Все, и Макарио, и Санта, вслед за ним подхватили:
"Венсеремос", "Венсеремос"! – это значит, что мы победим!
Пространство разверзлось, разорвалось тысячью криков, крики слились в единый гул. Людей разметало. Макарио швырнуло к стене, но сознание не покидало его ни на миг, и он успел о том пожалеть. Сверху упало окровавленное тело Санты. Он ощутил на груди и на лице теплую жижу. Щуря глаза, слезящиеся в вонючем дыму, Макарио углядел, что полголовы у девушки было начисто снесено осколком.
Огромная бетонная плита, нависнув над комнатой, грозила рухнуть всей своей тяжестью.  Отпихнув труп, Макарио неловко перекатился, здание снова трясануло, он, было поднявшись, опять упал...

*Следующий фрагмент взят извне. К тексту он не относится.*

lemma fls_nth_lcomb_plus_shift:
  assumes h: "is_h h" and n: "0 \<le> n"
  shows "fls_nth (lcomb h (plus_shift k a) (plus_shift k b)) n = fls_nth (lcomb h a b) (n + 2 * int k)"
proof -
  define Da where "Da = eval_lam a - fls_X ^ (2 * k) * eval_lam (plus_shift k a)"
  define Db where "Db = eval_lam b - fls_X ^ (2 * k) * eval_lam (plus_shift k b)"
  have "fls_deg_le Da (2 * int k - 1)"
    unfolding Da_def using fls_deg_le_eval_lam_sub_plus_shift by (rule fls_deg_le_mono) simp
  moreover have "fls_deg_le (Db * h) (2 * int k - 1)"
    using fls_deg_le_mult[OF fls_deg_le_eval_lam_sub_plus_shift fls_deg_le_h[OF h]]
    by (simp add: Db_def)
  ultimately have "fls_nth (Da + Db * h) (n + 2 * int k) = 0"
    using n by (intro fls_deg_leD[OF fls_deg_le_add]) auto
  moreover have "lcomb h a b = fls_X ^ (2 * k) * lcomb h (plus_shift k a) (plus_shift k b) + (Da + Db * h)"
    by (simp add: Da_def Db_def algebra_simps)
  ultimately show ?thesis
    by (simp add: fls_X_power_times_conv_shift)
qed

lemma plus_shift_Hs_decomp:
  assumes h: "is_h h"
    and N: "Hs h (m + 2 * k) = lcomb h p q" and m: "Hs h m = lcomb h p' q'"
  shows "plus_shift k p = p' \<and> plus_shift k q = q'"
proof -
  have "fls_nth (lcomb h (plus_shift k p - p') (plus_shift k q - q')) n = 0" if n: "-1 < n" for n
  proof -
    have "fls_nth (lcomb h (plus_shift k p) (plus_shift k q)) n
        = fls_nth (Hs h (m + 2 * k)) (n + 2 * int k)"
      using fls_nth_lcomb_plus_shift[OF h, of n k p q] n N by simp
    also have "\<dots> = fls_nth (fls_X ^ (m + 2 * k)) (n + 2 * int k)"
      using Hs_sub_X_power_deg_le[OF h, of "m + 2 * k"] n by (auto simp: fls_deg_le_def)
    also have "\<dots> = fls_nth (Hs h m) n"
      using Hs_sub_X_power_deg_le[OF h, of m] n by (auto simp: fls_deg_le_def)
    finally show ?thesis
      using m by (simp add: algebra_simps)
  qed
  then have "plus_shift k p - p' = 0 \<and> plus_shift k q - q' = 0"
    by (intro lcomb_deg_le_neg_imp_0[OF h]) (simp add: fls_deg_le_def)
  then show ?thesis by simp
qed

text \<open>Here \<open>R^(m+2k) = h H^(m+2k)\<close>, whose shifted nonnegative part is that of \<open>h H^(m)\<close>:
  this is \<open>R^(m)\<close> plus the constant term of \<open>h (H^(m) - z^m)\<close>.\<close>
lemma plus_shift_Rs_decomp:
  assumes h: "is_h h" and k: "1 \<le> k" and flow: "flow h (m + 2 * k) = 0"
    and N: "Rs h (m + 2 * k) = lcomb h a b" and m: "Rs h m = lcomb h a' b'"
  shows "plus_shift k a = a' + [:- fls_nth (Hs h m) (-1):] \<and> plus_shift k b = b'"
proof -
  define \<delta> where "\<delta> = - fls_nth (Hs h m) (-1)"
  define S where "S = Hs h (m + 2 * k) - fls_X ^ (m + 2 * k)"
  define T where "T = Hs h m - fls_X ^ m"
  have S: "fls_deg_le (h * S - fls_const (fls_nth S (-1))) (-1)"
    unfolding S_def by (intro fls_deg_le_h_times_sub[OF h] Hs_sub_X_power_deg_le[OF h])
  have T: "fls_deg_le (h * T - fls_const (fls_nth T (-1))) (-1)"
    unfolding T_def by (intro fls_deg_le_h_times_sub[OF h] Hs_sub_X_power_deg_le[OF h])
  have RN: "Rs h (m + 2 * k) = h * Hs h (m + 2 * k)"
    using flow by (simp add: flow_def algebra_simps)
  have "fls_nth (lcomb h (plus_shift k a - (a' + [:\<delta>:])) (plus_shift k b - b')) n = 0"
    if n: "-1 < n" for n
  proof -
    have "fls_nth (lcomb h (plus_shift k a) (plus_shift k b)) n
        = fls_nth (h * Hs h (m + 2 * k)) (n + 2 * int k)"
      using fls_nth_lcomb_plus_shift[OF h, of n k a b] n by (simp add: N [symmetric] RN)
    also have "\<dots> = fls_nth (h * fls_X ^ (m + 2 * k)) (n + 2 * int k) + fls_nth (h * S) (n + 2 * int k)"
      by (simp add: S_def algebra_simps)
    also have "fls_nth (h * S) (n + 2 * int k) = 0"
      using S n k by (auto simp: fls_deg_le_def)
    also have "fls_nth (h * fls_X ^ (m + 2 * k)) (n + 2 * int k) = fls_nth (h * Hs h m - h * T) n"
      by (simp add: T_def algebra_simps fls_X_power_times_conv_shift)
    also have "\<dots> = fls_nth (Rs h m) n + (if n = 0 then \<delta> else 0)"
      using T flow_deg_le[OF h, of m] n
      by (auto simp: fls_deg_le_def flow_def T_def \<delta>_def)
    finally show ?thesis
      using m by (simp add: algebra_simps)
  qed
  then have "plus_shift k a - (a' + [:\<delta>:]) = 0 \<and> plus_shift k b - b' = 0"
    by (intro lcomb_deg_le_neg_imp_0[OF h]) (simp add: fls_deg_le_def)
  then show ?thesis
    by (simp add: \<delta>_def)
qed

Стараясь не смотреть под ноги, Макарио пробирался к выходу, шатаясь от стены к стене. Коридор был завалена еще трепещущими телами женщин и подростков, кровавое месиво присыпали штукатурка и битый кирпич. Дышать тоже совершенно невозможно! Всюду витал запах гари, смешанный с вонью испражнений.  Одна, еще не старая, баба привалилась к окровавленной стене, руками она зажимала хлюпающую дыру на животе – ладоней не хватало. Макарио рухнул на колени, его вывернуло, еще и еще. Глянув вперед последний раз, он закрыл глаза и пополз на четвереньках. Пальцы ощущали только липкую массу, пару раз его кто-то хватал за ногу, а может, цеплялась вывороченная арматура. Так он полз, пока не уперся в камень противоположной стены коридора.

*  *  *
– Хрен ли их жалеть? – брякнул директор – Куда они лезли, видно же – стреляют! – добавил он, но уже неуверенно.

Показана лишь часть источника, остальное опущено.